Given some finite sequence $a_n$ for $n \in \{1..N\}$, is there a more efficient method to solve (P1) than the O($N^2$) brute force method?

($P1$) maximise $n_2-n_1$ such that $a_{n_1}>a_{n_2}$

3

There are 3 best solutions below

3
On BEST ANSWER

This is $O(N)$.

If $a_n$ is greater than all the elements before it, call it a peak; and if $a_n$ is less than all elements after it, call it a trough.

Then if $(a_i,a_j)$ is a maximally separated pair satisfying $a_i>a_j$, we know that $a_i$ must be a peak (otherwise there would be an earlier element $a_k$ such that $a_k>a_j$); and similarly, $a_j$ must be a trough.

So here is the algorithm:

  1. Scan forwards through the sequence, marking all peaks ($N$ steps).
  2. Scan backwards through the sequence, marking all troughs ($N$ steps).
  3. Set $p = 1$ (this is the peak index). Note that $a_1$ is a peak by definition.
  4. Set $t$ (the trough index) to be the index of the last trough such that $a_t < a_p$.
  5. Now $t-p$ is a candidate for the maximal separation; if it is the best yet, remember it.
  6. If we have scanned all peaks, we are done. Otherwise, set $p$ to be the index of the next peak and go to Step 4.

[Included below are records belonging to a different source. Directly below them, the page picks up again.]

(* Let $N$ be a complex two-step nilpotent Lie algebra whose center has dimension $p=2$, with $q=\dim N-2$, and suppose the marginal rank of $N$ equals $q$. Let $(X,I)$ be a basis of $N$, $\mathcal A=\mathcal A(X,I)$, and let $\mathcal A_{\cdot\cdot i}\in\mathbb C^{q\times q}$ be the slice of $\mathcal A$ obtained by fixing the third index to $i$, $i=1,2$. If \[ \operatorname{rank}(\mathcal A_{\cdot\cdot 1})+\operatorname{rank}(\mathcal A_{\cdot\cdot 2})>q, \] then $\mathcal A$ is not in block diagonal format $(S,T)$ for any nonempty proper subset $S\subset\{1,\dots,q\}$ (and any $T\subseteq\{1,2\}$). Consequently, if this inequality holds for the representation tensor of every basis $(X,I)$ of $N$, then $N$ is indecomposable.
   Context: A basis $(X,I)$ of $N$ consists of $I=\{\mathbf y_1,\dots,\mathbf y_p\}$, a basis of the center of $N$, and $X=\{\mathbf x_1,\dots,\mathbf x_q\}$ such that $X\cup I$ is a basis of $N$. Its representation tensor $\mathcal A(X,I)=(a_{ijk})\in\mathbb C^{q\times q\times p}$ is defined by $a_{ijk}=\alpha_k$ where $[\mathbf x_i,\mathbf x_j]=\sum_{s=1}^p\alpha_s\mathbf y_s$. A tensor is in block diagonal format $(S,T)$ if its only possibly nonzero entries occur at $(i,j,k)\in (S\times S\times T)\cup(S^\complement\times S^\complement\times T^\complement)$. The marginal rank of $N$ is the rank of the $q\times pq$ matrix $[A_1,\dots,A_p]$, where $A_k$ is the $k$-th slice $(a_{ijk})_{i,j}$ of $\mathcal A(X,I)$ (independent of the basis). A Lie algebra is indecomposable if it is not a direct sum of two nonzero ideals. *)

theory Defs
  imports Main "Jordan_Normal_Form.DL_Rank"
begin

definition lie_algebra :: "(complex \<Rightarrow> 'v::ab_group_add \<Rightarrow> 'v) \<Rightarrow> ('v \<Rightarrow> 'v \<Rightarrow> 'v) \<Rightarrow> bool" where
  "lie_algebra sc br \<longleftrightarrow>
     vector_space sc \<and>
     (\<forall>x. Vector_Spaces.linear sc sc (br x)) \<and>
     (\<forall>y. Vector_Spaces.linear sc sc (\<lambda>x. br x y)) \<and>
     (\<forall>x. br x x = 0) \<and>
     (\<forall>x y z. br x (br y z) + br y (br z x) + br z (br x y) = 0)"

definition two_step_nilpotent :: "('v::ab_group_add \<Rightarrow> 'v \<Rightarrow> 'v) \<Rightarrow> bool" where
  "two_step_nilpotent br \<longleftrightarrow> (\<forall>x y z. br (br x y) z = 0) \<and> (\<exists>x y. br x y \<noteq> 0)"

definition lie_center :: "('v::ab_group_add \<Rightarrow> 'v \<Rightarrow> 'v) \<Rightarrow> 'v set" where
  "lie_center br = {z. \<forall>x. br x z = 0}"

definition basis_list_of :: "(complex \<Rightarrow> 'v::ab_group_add \<Rightarrow> 'v) \<Rightarrow> 'v list \<Rightarrow> 'v set \<Rightarrow> bool" where
  "basis_list_of sc vs W \<longleftrightarrow> distinct vs \<and> \<not> module.dependent sc (set vs)
      \<and> module.span sc (set vs) = W"

text \<open>A basis (X,I) of N: ys = I is a basis of the center, xs = X such that X \<union> I is a basis of N.\<close>
definition lie_basis :: "(complex \<Rightarrow> 'v::ab_group_add \<Rightarrow> 'v) \<Rightarrow> ('v \<Rightarrow> 'v \<Rightarrow> 'v) \<Rightarrow> 'v list \<Rightarrow> 'v list \<Rightarrow> bool" where
  "lie_basis sc br xs ys \<longleftrightarrow> basis_list_of sc ys (lie_center br) \<and> basis_list_of sc (xs @ ys) UNIV"

text \<open>A is the representation tensor A(X,I) (0-based indices):
  [x_i, x_j] = sum_k A i j k * y_k.\<close>
definition rep_tensor :: "(complex \<Rightarrow> 'v::ab_group_add \<Rightarrow> 'v) \<Rightarrow> ('v \<Rightarrow> 'v \<Rightarrow> 'v) \<Rightarrow> 'v list \<Rightarrow> 'v list
    \<Rightarrow> (nat \<Rightarrow> nat \<Rightarrow> nat \<Rightarrow> complex) \<Rightarrow> bool" where
  "rep_tensor sc br xs ys A \<longleftrightarrow>
     (\<forall>i<length xs. \<forall>j<length xs.
        br (xs ! i) (xs ! j) = (\<Sum>k<length ys. sc (A i j k) (ys ! k)))"

definition block_diag_format :: "nat \<Rightarrow> nat \<Rightarrow> (nat \<Rightarrow> nat \<Rightarrow> nat \<Rightarrow> complex) \<Rightarrow> nat set \<Rightarrow> nat set \<Rightarrow> bool" where
  "block_diag_format q p A S T \<longleftrightarrow>
     (\<forall>i<q. \<forall>j<q. \<forall>k<p. A i j k \<noteq> 0 \<longrightarrow>
        (i \<in> S \<and> j \<in> S \<and> k \<in> T) \<or> (i \<notin> S \<and> j \<notin> S \<and> k \<notin> T))"
(* Let $G$ be a finite group. Then the power graph $\mathscr{G}(G)$ is Class 2 if and only if $G$ is cyclic of order $p^a$ for some odd prime $p$ and integer $a\geq 1$.
   Context: For a finite group $G$, the power graph $\mathscr{G}(G)$ is the simple graph with vertex set the elements of $G$, in which two distinct elements $a,b$ are adjacent if and only if one is a power of the other. For a finite simple graph $\Gamma$, $\chi'(\Gamma)$ denotes its edge-chromatic number (the least number of colors in a proper edge coloring) and $\Delta(\Gamma)$ its maximum vertex degree. By Vizing's theorem $\Delta(\Gamma)\le\chi'(\Gamma)\le\Delta(\Gamma)+1$; $\Gamma$ is Class 1 if $\chi'(\Gamma)=\Delta(\Gamma)$ and Class 2 if $\chi'(\Gamma)=\Delta(\Gamma)+1$. *)

theory Defs
  imports "HOL-Algebra.Elementary_Groups" "HOL-Computational_Algebra.Primes"
begin

text \<open>Simple graphs given by a vertex set V and an adjacency relation E
  (intended symmetric and irreflexive on V).\<close>

definition graph_edges :: "'a set \<Rightarrow> ('a \<Rightarrow> 'a \<Rightarrow> bool) \<Rightarrow> 'a set set" where
  "graph_edges V E = {{u, v} | u v. u \<in> V \<and> v \<in> V \<and> E u v}"

definition vertex_degree :: "'a set \<Rightarrow> ('a \<Rightarrow> 'a \<Rightarrow> bool) \<Rightarrow> 'a \<Rightarrow> nat" where
  "vertex_degree V E v = card {u \<in> V. E v u}"

definition max_degree :: "'a set \<Rightarrow> ('a \<Rightarrow> 'a \<Rightarrow> bool) \<Rightarrow> nat" where
  "max_degree V E = Max (vertex_degree V E ` V)"

definition proper_edge_colouring ::
  "'a set \<Rightarrow> ('a \<Rightarrow> 'a \<Rightarrow> bool) \<Rightarrow> nat \<Rightarrow> ('a set \<Rightarrow> nat) \<Rightarrow> bool" where
  "proper_edge_colouring V E k c \<longleftrightarrow>
     (\<forall>e \<in> graph_edges V E. c e < k) \<and>
     (\<forall>e1 \<in> graph_edges V E. \<forall>e2 \<in> graph_edges V E.
        e1 \<noteq> e2 \<and> e1 \<inter> e2 \<noteq> {} \<longrightarrow> c e1 \<noteq> c e2)"

definition edge_chromatic_number :: "'a set \<Rightarrow> ('a \<Rightarrow> 'a \<Rightarrow> bool) \<Rightarrow> nat" where
  "edge_chromatic_number V E = (LEAST k. \<exists>c. proper_edge_colouring V E k c)"

definition is_class2 :: "'a set \<Rightarrow> ('a \<Rightarrow> 'a \<Rightarrow> bool) \<Rightarrow> bool" where
  "is_class2 V E \<longleftrightarrow> edge_chromatic_number V E = max_degree V E + 1"

definition power_adj :: "('a, 'b) monoid_scheme \<Rightarrow> 'a \<Rightarrow> 'a \<Rightarrow> bool" where
  "power_adj G a b \<longleftrightarrow> a \<noteq> b \<and>
     ((\<exists>n::int. b = a [^]\<^bsub>G\<^esub> n) \<or> (\<exists>n::int. a = b [^]\<^bsub>G\<^esub> n))"

end

(*
  The identity is adjacent to every other element of G, so the maximum degree of the power graph
  is |G| - 1, and the graph is Class 2 exactly when it has no proper edge colouring with |G| - 1
  colours.

  If G is cyclic of order p^a, its subgroups form a chain, so of any two elements one is a power
  of the other: the power graph is complete. For odd p it has an odd number n >= 3 of vertices,
  and an (n-1)-colouring would make every colour class a perfect matching, which is impossible.

  Otherwise, for even |G| the round-robin colouring of the complete graph restricts to the power
  graph. For |G| = 2k+1 it suffices to find disjoint sets S, T with no edges between them and
  k <= |S| |T|: labelling the vertices suitably, non-edges in S x T realise each label sum
  1, 3, ..., 2k-1, and a modification of the colouring (x + y) mod 2k of the complete graph by
  Kempe-type swaps yields a 2k-colouring. If G is not cyclic, take S = {g} for g of maximal order
  and T the complement of the subgroup generated by g, which has at least half of the elements.
  If G is cyclic of order AB with coprime A, B >= 3, take the nontrivial elements of order
  dividing A and B respectively.
*)
theory Submission
  imports Defs "HOL-Algebra.Multiplicative_Group" "HOL-Number_Theory.Cong"
begin

section \<open>Edge colourings\<close>

definition pair_colour :: "('a \<Rightarrow> 'a \<Rightarrow> nat) \<Rightarrow> 'a set \<Rightarrow> nat" where
  "pair_colour f e = (SOME k. \<exists>u v. e = {u, v} \<and> k = f u v)"

lemma pair_colour_doubleton:
  assumes "\<And>x y. f x y = f y x"
  shows "pair_colour f {u, v} = f u v"
  unfolding pair_colour_def
proof (rule some_equality)
  show "\<And>k. \<exists>x y. {u, v} = {x, y} \<and> k = f x y \<Longrightarrow> k = f u v"
    using assms by (auto simp: doubleton_eq_iff)
qed blast

lemma graph_edgesE:
  assumes "e \<in> graph_edges V E"
  obtains u v where "e = {u, v}" "u \<in> V" "v \<in> V" "E u v"
  using assms unfolding graph_edges_def by blast

lemma graph_edges_at_vertex:
  assumes sym: "\<And>x y. x \<in> V \<Longrightarrow> y \<in> V \<Longrightarrow> E x y \<Longrightarrow> E y x"
    and "e \<in> graph_edges V E" "w \<in> e"
  obtains y where "e = {w, y}" "w \<in> V" "y \<in> V" "E w y"
  using assms(2) proof (rule graph_edgesE)
  fix u v assume uv: "e = {u, v}" "u \<in> V" "v \<in> V" "E u v"
  have "E v u" using sym[OF uv(2-4)] .
  then show thesis
    using that uv \<open>w \<in> e\<close> by (metis empty_iff insertE insert_commute)
qed

lemma graph_edges_subset_Pow: "graph_edges V E \<subseteq> Pow V"
  unfolding graph_edges_def by auto

lemma proper_edge_colouring_less:
  "proper_edge_colouring V E K c \<Longrightarrow> e \<in> graph_edges V E \<Longrightarrow> c e < K"
  unfolding proper_edge_colouring_def by blast

lemma proper_edge_colouring_adjacent:
  "proper_edge_colouring V E K c \<Longrightarrow> e \<in> graph_edges V E \<Longrightarrow> e' \<in> graph_edges V E
    \<Longrightarrow> e \<noteq> e' \<Longrightarrow> e \<inter> e' \<noteq> {} \<Longrightarrow> c e \<noteq> c e'"
  unfolding proper_edge_colouring_def by blast

lemma proper_edge_colouring_pair_colour:
  assumes sym: "\<And>x y. x \<in> V \<Longrightarrow> y \<in> V \<Longrightarrow> E x y \<Longrightarrow> E y x"
    and f_sym: "\<And>x y. f x y = f y x"
    and f_less: "\<And>u v. u \<in> V \<Longrightarrow> v \<in> V \<Longrightarrow> E u v \<Longrightarrow> f u v < K"
    and f_inj: "\<And>w y y'. w \<in> V \<Longrightarrow> y \<in> V \<Longrightarrow> y' \<in> V \<Longrightarrow> E w y \<Longrightarrow> E w y'
                  \<Longrightarrow> y \<noteq> y' \<Longrightarrow> f w y \<noteq> f w y'"
  shows "proper_edge_colouring V E K (pair_colour f)"
  unfolding proper_edge_colouring_def
proof (intro conjI ballI impI)
  fix e assume "e \<in> graph_edges V E"
  then show "pair_colour f e < K"
    by (rule graph_edgesE) (simp add: pair_colour_doubleton[OF f_sym] f_less)
next
  fix e e' assume e: "e \<in> graph_edges V E" and e': "e' \<in> graph_edges V E"
    and ne: "e \<noteq> e' \<and> e \<inter> e' \<noteq> {}"
  then obtain w where "w \<in> e" "w \<in> e'" by blast
  obtain y where y: "e = {w, y}" "w \<in> V" "y \<in> V" "E w y"
    using graph_edges_at_vertex[OF sym e \<open>w \<in> e\<close>] by blast
  obtain y' where y': "e' = {w, y'}" "y' \<in> V" "E w y'"
    using graph_edges_at_vertex[OF sym e' \<open>w \<in> e'\<close>] by blast
  have "y \<noteq> y'" using ne y y' by auto
  then have "f w y \<noteq> f w y'" using f_inj y y' by blast
  then show "pair_colour f e \<noteq> pair_colour f e'"
    using y(1) y'(1) by (simp add: pair_colour_doubleton[OF f_sym])
qed
lemma exp_payoff_le_hist_value_T:
  assumes t: "min_strategy G t" and coupled: "coupled t t\<^sub>T" and "0 \<le> \<epsilon>"
    and crossing: "\<And>h y. is_history G h \<Longrightarrow> \<not> crosses A h \<Longrightarrow> (last h, y) \<in> A
                      \<Longrightarrow> hist_value G \<sigma>cat t (h @ [y]) \<le> v\<sigma> y + \<epsilon>"
  shows "is_history G h \<Longrightarrow> \<not> crosses A h
           \<Longrightarrow> exp_payoff G \<sigma>cat t h n \<le> hist_value T \<sigma>T t\<^sub>T (map Inl h) + \<epsilon>"
proof (induction n arbitrary: h)
  case 0
  then have "h \<noteq> []" by (simp add: is_history_def)
  then show ?case
    using exp_payoff_le_hist_value[OF subprob_game_T, of \<sigma>T t\<^sub>T "map Inl h" 0] \<open>0 \<le> \<epsilon>\<close>
    by (simp add: last_map)
next
  case (Suc n)
  have h_ne: "h \<noteq> []" using Suc.prems by (simp add: is_history_def)
  show ?case
  proof (cases "last h \<in> sinks G")
    case True
    then have "exp_payoff G \<sigma>cat t h (Suc n) = exp_payoff T \<sigma>T t\<^sub>T (map Inl h) 0"
      using h_ne exp_payoff_sink[OF subprob_game_G True is_history_last_in_verts[OF Suc.prems(1)]]
      by (simp only: exp_payoff.simps(1) last_map[OF h_ne] sink_payoff_T_Inl)
    then show ?thesis
      using exp_payoff_le_hist_value[OF subprob_game_T, of \<sigma>T t\<^sub>T "map Inl h" 0] \<open>0 \<le> \<epsilon>\<close> by simp
  next
    case False
    let ?v\<^sub>T = "\<lambda>y. hist_value T \<sigma>T t\<^sub>T (map Inl h @ [lift_succ (last h) y])"
    have step: "trans G \<sigma>cat t h y * exp_payoff G \<sigma>cat t (h @ [y]) n
        \<le> trans G \<sigma>cat t h y * (?v\<^sub>T y + \<epsilon>)" for y
    proof (cases "trans G \<sigma>cat t h y = 0")
      case nonzero: False
      show ?thesis
      proof (rule successor_cases[OF t Suc.prems nonzero])
        assume crossed: "(last h, y) \<in> A"
        then show ?thesis
          using crossing[OF Suc.prems crossed] trans_nonneg[OF subprob_game_G]
            exp_payoff_le_hist_value[OF subprob_game_G, of \<sigma>cat t "h @ [y]" n]
          by (simp add: hist_value_T_crossing mult_left_mono)
      next
        assume "lift_succ (last h) y = Inl y" "is_history G (h @ [y])" "\<not> crosses A (h @ [y])"
        then show ?thesis using Suc.IH[of "h @ [y]"] trans_nonneg[OF subprob_game_G]
          by (simp add: mult_left_mono)
      qed
    qed simp
    have "last (map Inl h) \<in> verts T"
      using h_ne is_history_last_in_verts[OF Suc.prems(1)] by (simp add: last_map T_simps)
    then have step_T: "hist_value T \<sigma>T t\<^sub>T (map Inl h) = (\<Sum>y\<in>verts G. trans G \<sigma>cat t h y * ?v\<^sub>T y)"
      using hist_value_step[OF subprob_game_T]
        sum_trans_T_eq[OF t coupled Suc.prems False, of "\<lambda>u. hist_value T \<sigma>T t\<^sub>T (map Inl h @ [u])"]
      by simp
    have "exp_payoff G \<sigma>cat t h (Suc n) \<le> (\<Sum>y\<in>verts G. trans G \<sigma>cat t h y * (?v\<^sub>T y + \<epsilon>))"
      by (simp add: sum_mono step)
    also have "\<dots> = hist_value T \<sigma>T t\<^sub>T (map Inl h) + \<epsilon> * (\<Sum>y\<in>verts G. trans G \<sigma>cat t h y)"
      by (simp add: step_T distrib_left sum.distrib sum_distrib_left mult.commute)
    also have "\<dots> \<le> hist_value T \<sigma>T t\<^sub>T (map Inl h) + \<epsilon>"
      using sum_trans_le_1[OF subprob_game_G, of \<sigma>cat t h] \<open>0 \<le> \<epsilon>\<close> by (simp add: mult_left_le)
    finally show ?thesis .
  qed
qed

definition min_to_T :: "('v list \<Rightarrow> 'v) \<Rightarrow> ('v + 'v \<times> 'v) list \<Rightarrow> 'v + 'v \<times> 'v" where
  "min_to_T t hh = lift_succ (last (map projl hh)) (t (map projl hh))"

lemma min_strategy_min_to_T:
  assumes t: "min_strategy G t"
  shows "min_strategy T (min_to_T t)"
  unfolding min_strategy_def
proof (intro allI impI)
  fix hh assume hh: "is_history T hh \<and> last hh \<in> vmin T"
  then obtain x where x: "last hh = Inl x" "x \<in> vmin G" by (auto simp: T_simps)
  obtain h where h: "hh = map Inl h" "is_history G h" "\<not> crosses A h"
    using is_history_T_last_Inl hh x(1) by blast
  have "h \<noteq> []" using h(2) by (simp add: is_history_def)
  then have "last h = x" using x(1) h(1) by (simp add: last_map)
  then show "(last hh, min_to_T t hh) \<in> arcs T"
    using t h x arc_T_lift_succ unfolding min_strategy_def min_to_T_def by (auto simp: comp_def)
qed

lemma coupled_min_to_T: "coupled t (min_to_T t)"
  unfolding coupled_def min_to_T_def by (simp add: comp_def)

lemma v\<sigma>_le_hist_value_crossing:
  assumes t: "min_strategy G t" and h: "is_history G h" "\<not> crosses A h" and y: "(last h, y) \<in> A"
  shows "v\<sigma> y \<le> hist_value G \<sigma>cat t (h @ [y])"
proof -
  have h_ne: "h \<noteq> []" using h(1) by (simp add: is_history_def)
  have y_arc: "(last h, y) \<in> arcs G" "y \<in> verts G" using y A_arcs arcs_subset by auto
  have "hist_value G \<sigma>cat t (h @ [y]) = hist_value G (pos \<sigma>) (continue_min G t h y) [y]"
    by (rule hist_value_shift)
       (use concat_strategy_first_crossing[OF h(2) h_ne y] in \<open>auto simp: \<sigma>cat_def continue_min_def\<close>)
  also have "\<dots> = play_value G (pos \<sigma>) (continue_min G t h y) y"
    using play_value_eq_hist_value[OF finite_verts y_arc(2)] by simp
  finally show ?thesis
    using strat_value_le_play_value[OF subprob_game_G y_arc(2)
        min_strategy_continue_min[OF ssg t h(1) y_arc(1)]]
    unfolding v\<sigma>_def by simp
qed

lemma strat_value_T_le_concat:
  assumes x: "x \<in> verts G"
  shows "strat_value T \<sigma>T (Inl x) \<le> strat_value G \<sigma>cat x"
proof (rule strat_value_greatest[OF min_strategy_default_min[OF ssg]])
  fix t assume t: "min_strategy G t"
  have x_T: "Inl x \<in> verts T" using x by (simp add: T_simps)
  have "strat_value T \<sigma>T (Inl x) \<le> play_value T \<sigma>T (min_to_T t) (Inl x)"
    by (rule strat_value_le_play_value[OF subprob_game_T x_T min_strategy_min_to_T[OF t]])
  also have "\<dots> = hist_value T \<sigma>T (min_to_T t) (map Inl [x])"
    using play_value_eq_hist_value[OF finite_verts_T x_T] by simp
  also have "\<dots> \<le> hist_value G \<sigma>cat t [x]"
    by (rule hist_value_le,
        rule exp_payoff_T_le_hist_value[OF t coupled_min_to_T v\<sigma>_le_hist_value_crossing[OF t]])
       (use x in \<open>simp_all add: is_history_def crosses_singleton\<close>)
  also have "\<dots> = play_value G \<sigma>cat t x"
    using play_value_eq_hist_value[OF finite_verts x] by simp
  finally show "strat_value T \<sigma>T (Inl x) \<le> play_value G \<sigma>cat t x" .
qed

Note that we can start the scan in Step 4 from the value of $t$ in the previous iteration, so the total number of operations used by that step in the whole algorithm is $O(N)$.

Edited to add: In fact we can omit Step 1, and just scan for the next peak in Step 6. (We can't omit Step 2, because scanning for troughs has to be done backwards.)

0
On

Alright, I took a crack at it myself and came up with the following approach which seems to be $O\big( (N/M)^2 + N \log(N) \big)$, where $M$ is the optimal value of (P1).

Loop the following over $k$ from $1,2,\dots$:

  • Partition the sequence into $2^k$ contiguous sequences of size at most $\lceil N 2^{-k} \rceil $.
  • Find each group's local minima and maxima, saving the indices as well.
  • Perform this brute-force search among the local maxima / minima to find the best $n_1$ and $n_2$ belonging to different groups
  • if $n_2-n_1 > N 2^{-k}$, break out of this loop and return this pair, since no better pair may be found from within the same group from further subdivision

Each $k$th iteration requires: $O\big( N+ 4^k\big)$ operations, so summing over all necessary $k$ gives the total complexity $O\big((N/M)^2 + N \log(N) \big)$, where the former term dominates for small $M$ and the latter terms dominates for $M \gtrsim \sqrt{N}$.

2
On

I believe you can do this in $O(N \log N)$, but there may be a faster way. Here is a high level description of the algorithm:

  1. Store the elements as tuples of $(value, index)$ where $value$ is the value of the element and index is its position in the original array. So for ex. if your input was [3, 1, 4, 2], you would store it as [(3,0), (1,1), (4,2), (2,3)]. This will be $O(N)$
  2. Sort this new array by the first element (value field) in the tuple in decreasing order. Thus previous example would now look like: [(4, 2), (3, 0), (2, 3), (1, 1)]. This can be done in $O(N\log N)$
  3. Find the maximum difference between second elements (index fields) of the tuples such that the larger one comes after the smaller one in the new array. This can be done in $O(N)$.

Total complexity = $O(N \log N)$.

I think steps $1$ and $2$ are pretty self explanatory. If you are curious about how step $3$ can be done in $O(N)$, here is some code:

def max_diff_indexes(arr):
    """
    @params:

        arr - This is just an array of the SECOND parts of the tuple in 
        the algorithm described above. That is, arr contains only ints 
        representing the second values of the tuple (index field) after 
        the sorting in step 2. 

    @return:

        max_pair - Returns a pair of indexes n_1 and n_2 that maximise 
        n_2 - n_1 such that a_{n_1} > a_{n_2}. The first property is 
        ensured by this algorithm while the second property in ensured
        by the fact that the array was initally sorted in decresing order
        of value

    """
    if not arr: return None
    min_val = arr[0]
    max_diff = 0
    for elem in arr:
        max_diff = max(elem - min_val, max_diff)
        min_val = min(elem, min_val)

    max_val = max_diff - min_val
    return min_val, max_val